> WORK INSTRUCTIONS
Copy exactly the lines of the material below that run from the one containing "s(2-4) i(2) by auto" through the one containing "0 \<in> set". Copy no other lines.

> RECORDS FOR THIS EXERCISE
lemma terminal_ends_reach:
  assumes m: "m < 4" and yz: "y \<in> ends (\<phi> m)" "z \<in> ends (\<phi> m)"
  shows "reach ends (EH - {\<phi> m}) y z"
proof -
  obtain a where a: "a < 4" "a \<noteq> m" "y \<in> ends (first_step m a)"
    using first_step_at_terminal_end[OF m yz(1)] .
  obtain b where b: "b < 4" "b \<noteq> m" "z \<in> ends (first_step m b)"
    using first_step_at_terminal_end[OF m yz(2)] .
  obtain ya where ya: "ya \<in> ends (\<phi> a)" using ends_obtain terminal_in_EH a(1) by (metis insertI1)
  obtain zb where zb: "zb \<in> ends (\<phi> b)" using ends_obtain terminal_in_EH b(1) by (metis insertI1)
  have "reach ends (EH - {\<phi> m}) y ya" "reach ends (EH - {\<phi> m}) z zb"
    using reach_from_first_step m a b ya zb by blast+
  moreover have "reach ends (EH - {\<phi> m}) ya zb"
  proof (cases "a = b")
    case True
    then show ?thesis using terminals_distinct[OF b(1) m b(2)] terminal_in_EH[OF b(1)] ya zb
      by (intro reach_within_edge[of "\<phi> b"]) auto
  qed (use reach_between_other_terminals[OF m a(1) b(1) a(2) b(2) _ ya zb] in blast)
  ultimately show ?thesis by (meson reach_sym reach_trans)
qed

text \<open>The three first steps out of a terminal are distinct neighbours sharing an end with it,
  whereas two further edges parallel to it would exhaust the degree at its ends.\<close>

lemma terminal_not_in_three_parallel_edges:
  assumes m: "m < 4" and par: "g \<in> EH" "x \<in> EH" "g \<noteq> \<phi> m" "x \<noteq> \<phi> m" "g \<noteq> x"
    "ends g = ends (\<phi> m)" "ends x = ends (\<phi> m)"
  shows False
proof -
  define Others where "Others = {..<4} - {m}"
  have "first_step m a \<in> {g, x}" if a: "a \<in> Others" for a
  proof -
    obtain w where "w \<in> ends (first_step m a)" "w \<in> ends (\<phi> m)"
      using first_step_adjacent(4)[of m a] a m unfolding Others_def by auto
    then show ?thesis
      using edge_at_vertex_among_three[of "\<phi> m" g x w "first_step m a"] first_step_adjacent[of m a]
        terminal_in_EH[OF m] par a m unfolding Others_def by auto
  qed
  then have "first_step m ` Others \<subseteq> {g, x}" by blast
  moreover have "inj_on (first_step m) Others"
    using first_step_inj m unfolding Others_def by (auto intro: inj_onI)
  then have "card (first_step m ` Others) = 3" using m unfolding Others_def by (simp add: card_image)
  ultimately have "3 \<le> card {g, x}" using card_mono[of "{g, x}" "first_step m ` Others"] by simp
  then show False by (simp add: card_insert_if split: if_splits)
qed

lemma no_edge_parallel_to_digon_through_terminal:
  assumes c: "cycle vs es" and m: "m < 4" "\<phi> m \<in> set es"
  shows "no_edge_parallel_to_digon es"
  unfolding no_edge_parallel_to_digon_def
proof (intro impI ballI notI)
  fix x d assume two: "card (set es) = 2" and x: "x \<in> EH - set es" and d: "d \<in> set es"
    and par: "ends x = ends d"
  have "length es = 2" using two card_cycle[OF c] by simp
  then have es: "set es = {es ! 0, es ! 1}" "es ! 0 \<noteq> es ! 1" "ends (es ! 0) = ends (es ! 1)"
    using digon_parallel[OF c] cycle_distinct[OF c]
    by (auto simp: set_conv_nth less_2_cases_iff nth_eq_iff_index_eq)
  define g where "g = (if es ! 0 = \<phi> m then es ! 1 else es ! 0)"
  have "set es = {\<phi> m, g} \<and> g \<noteq> \<phi> m \<and> ends g = ends (\<phi> m)"
  proof (cases "es ! 0 = \<phi> m")
    case True
    then show ?thesis using es unfolding g_def by simp
  next
    case False
    then have "es ! 1 = \<phi> m" using es(1) m(2) by auto
    then show ?thesis using es False unfolding g_def by (simp add: insert_commute)
  qed
  then show False
    using terminal_not_in_three_parallel_edges[OF m(1), of g x] x d par cycle_edges_subset[OF c] by auto
qed

lemma terminal_off_cycle_avoids_cycle:
  assumes no_overlap: "\<not> overlapping_cycles VH EH ends"
    and c: "cycle vs es" and par: "no_edge_parallel_to_digon es" and m: "m < 4" "\<phi> m \<notin> set es"
  shows "ends (\<phi> m) \<inter> set vs = {}"
proof (rule ccontr)
  assume "ends (\<phi> m) \<inter> set vs \<noteq> {}"
  then obtain w where w: "w \<in> ends (\<phi> m)" "w \<in> set vs" by blast
  obtain w' where "ends (\<phi> m) = {w, w'}" "w \<noteq> w'" using other_end[OF terminal_in_EH[OF m(1)] w(1)] .
  then show False
    using terminal_ends_reach[OF m(1), of w w'] w terminal_in_EH[OF m(1)] m(2)
      edge_leaving_cycle_is_bridge[OF no_overlap c par, of "\<phi> m" w w'] by auto
qed

lemma edge_leaving_cycle_not_terminal:
  assumes no_overlap: "\<not> overlapping_cycles VH EH ends"
    and c: "cycle vs es" and par: "no_edge_parallel_to_digon es"
    and s: "s \<in> EH" "ends s = {w, w'}" "w \<in> set vs" "w' \<notin> set vs"
  shows "s \<notin> \<phi> ` {..<4}"
proof
  assume "s \<in> \<phi> ` {..<4}"
  then obtain i where i: "i < 4" "s = \<phi> i" by blast
  have "s \<notin> set es" using cycle_ends_subset[OF c, of s] s(2,4) by auto
  then show False
    using terminal_ends_reach[OF i(1), of w w'] edge_leaving_cycle_is_bridge[OF no_overlap c par s(1)]
      s(2-4) i(2) by auto
qed

text \<open>Every route from the cycle to a terminal off the cycle leaves the cycle through one and
  the same edge; this edge is no terminal, yet it lies on three of the six paths.\<close>

lemma terminal_on_cycle:
  assumes no_overlap: "\<not> overlapping_cycles VH EH ends"
    and c: "cycle vs es" and par: "no_edge_parallel_to_digon es"
    and t0: "\<phi> 0 \<in> set es" and m: "0 < m" "m < 4"
  shows "\<phi> m \<in> set es"
proof (rule ccontr)
  assume off: "\<phi> m \<notin> set es"
  obtain y where y: "y \<in> ends (\<phi> 0)" using ends_obtain terminal_in_EH[of 0] by (metis insertI1 zero_less_numeral)
  then have y_on: "y \<in> set vs" using cycle_ends_subset[OF c t0] by blast
  obtain z where z: "z \<in> ends (\<phi> m)" using ends_obtain terminal_in_EH[OF m(2)] by (metis insertI1)
  then have z_off: "z \<notin> set vs" using terminal_off_cycle_avoids_cycle[OF no_overlap c par m(2) off] by blast
  have route_0m: "set (route 0 m) \<subseteq> EH" "reach ends (set (route 0 m)) y z"
    using route_reach[of 0 m y z] m y z by simp_all
  then obtain s w w' where s: "s \<in> set (route 0 m)" "ends s = {w, w'}" "w \<in> set vs" "w' \<notin> set vs"
    "reach ends {e \<in> set (route 0 m). ends e \<inter> set vs = {}} w' z"
    using reach_exit[OF _ y_on z_off] by blast
  have s_EH: "s \<in> EH" using s(1) route_0m by auto
  have exit: "reach ends {e \<in> EH. ends e \<inter> set vs = {}} w' z"
    using s(5) route_0m(1) by (blast intro: reach_mono)
  have via: "\<exists>a\<in>{0, m}. s \<in> set (route a k)" if k: "k < 4" "k \<notin> {0, m}" for k
  proof -
    obtain u where u: "u \<in> ends (\<phi> k)" using ends_obtain terminal_in_EH[OF k(1)] by (metis insertI1)
    have r1: "set (route 0 k) \<subseteq> EH" "reach ends (set (route 0 k)) y u"
      using route_reach[of 0 k y u] k y u by auto
    have r2: "set (route k m) \<subseteq> EH" "reach ends (set (route k m)) u z"
      using route_reach[of k m u z] k m z u by auto
    have "reach ends (set (route 0 k) \<union> set (route k m)) y z"
      by (rule reach_trans[OF reach_mono[OF r1(2)] reach_mono[OF r2(2)]]) auto
    moreover have "set (route 0 k) \<union> set (route k m) \<subseteq> EH" using r1(1) r2(1) by blast
    ultimately have "s \<in> set (route 0 k) \<union> set (route k m)"
      using edge_leaving_cycle_on_every_walk[OF no_overlap c par s_EH s(2-4) exit _ _ y_on z_off] by blast
    then show ?thesis using set_route_commute by auto
  qed
  obtain k l where kl: "{..<4} - {0, m} = {k, l}" "k \<noteq> l"
    using card_2_iff[of "{..<4} - {0, m}"] m by auto
  then have k: "k < 4" "k \<notin> {0, m}" and l: "l < 4" "l \<notin> {0, m}" by blast+
  then obtain a b where a: "a \<in> {0, m}" "s \<in> set (route a k)" and b: "b \<in> {0, m}" "s \<in> set (route b l)"
    using via by blast
  have idx: "(0::nat) < 4" "m < 4" "a < 4" "k < 4" "b < 4" "l < 4" "0 \<noteq> m" "a \<noteq> k" "b \<noteq> l"
    using a(1) b(1) k l m by auto
  have pairs: "{0, m} \<noteq> {a, k}" "{0, m} \<noteq> {b, l}" "{a, k} \<noteq> {b, l}"
    using k l kl(2) b(1) by blast+
  show False
    by (rule nonterminal_not_on_three_routes[OF
          edge_leaving_cycle_not_terminal[OF no_overlap c par s_EH s(2-4)] idx pairs s(1) a(2) b(2)])
qed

> TASK RESULT
      s(2-4) i(2) by auto
qed

text \<open>Every route from the cycle to a terminal off the cycle leaves the cycle through one and
  the same edge; this edge is no terminal, yet it lies on three of the six paths.\<close>

lemma terminal_on_cycle:
  assumes no_overlap: "\<not> overlapping_cycles VH EH ends"
    and c: "cycle vs es" and par: "no_edge_parallel_to_digon es"
    and t0: "\<phi> 0 \<in> set es" and m: "0 < m" "m < 4"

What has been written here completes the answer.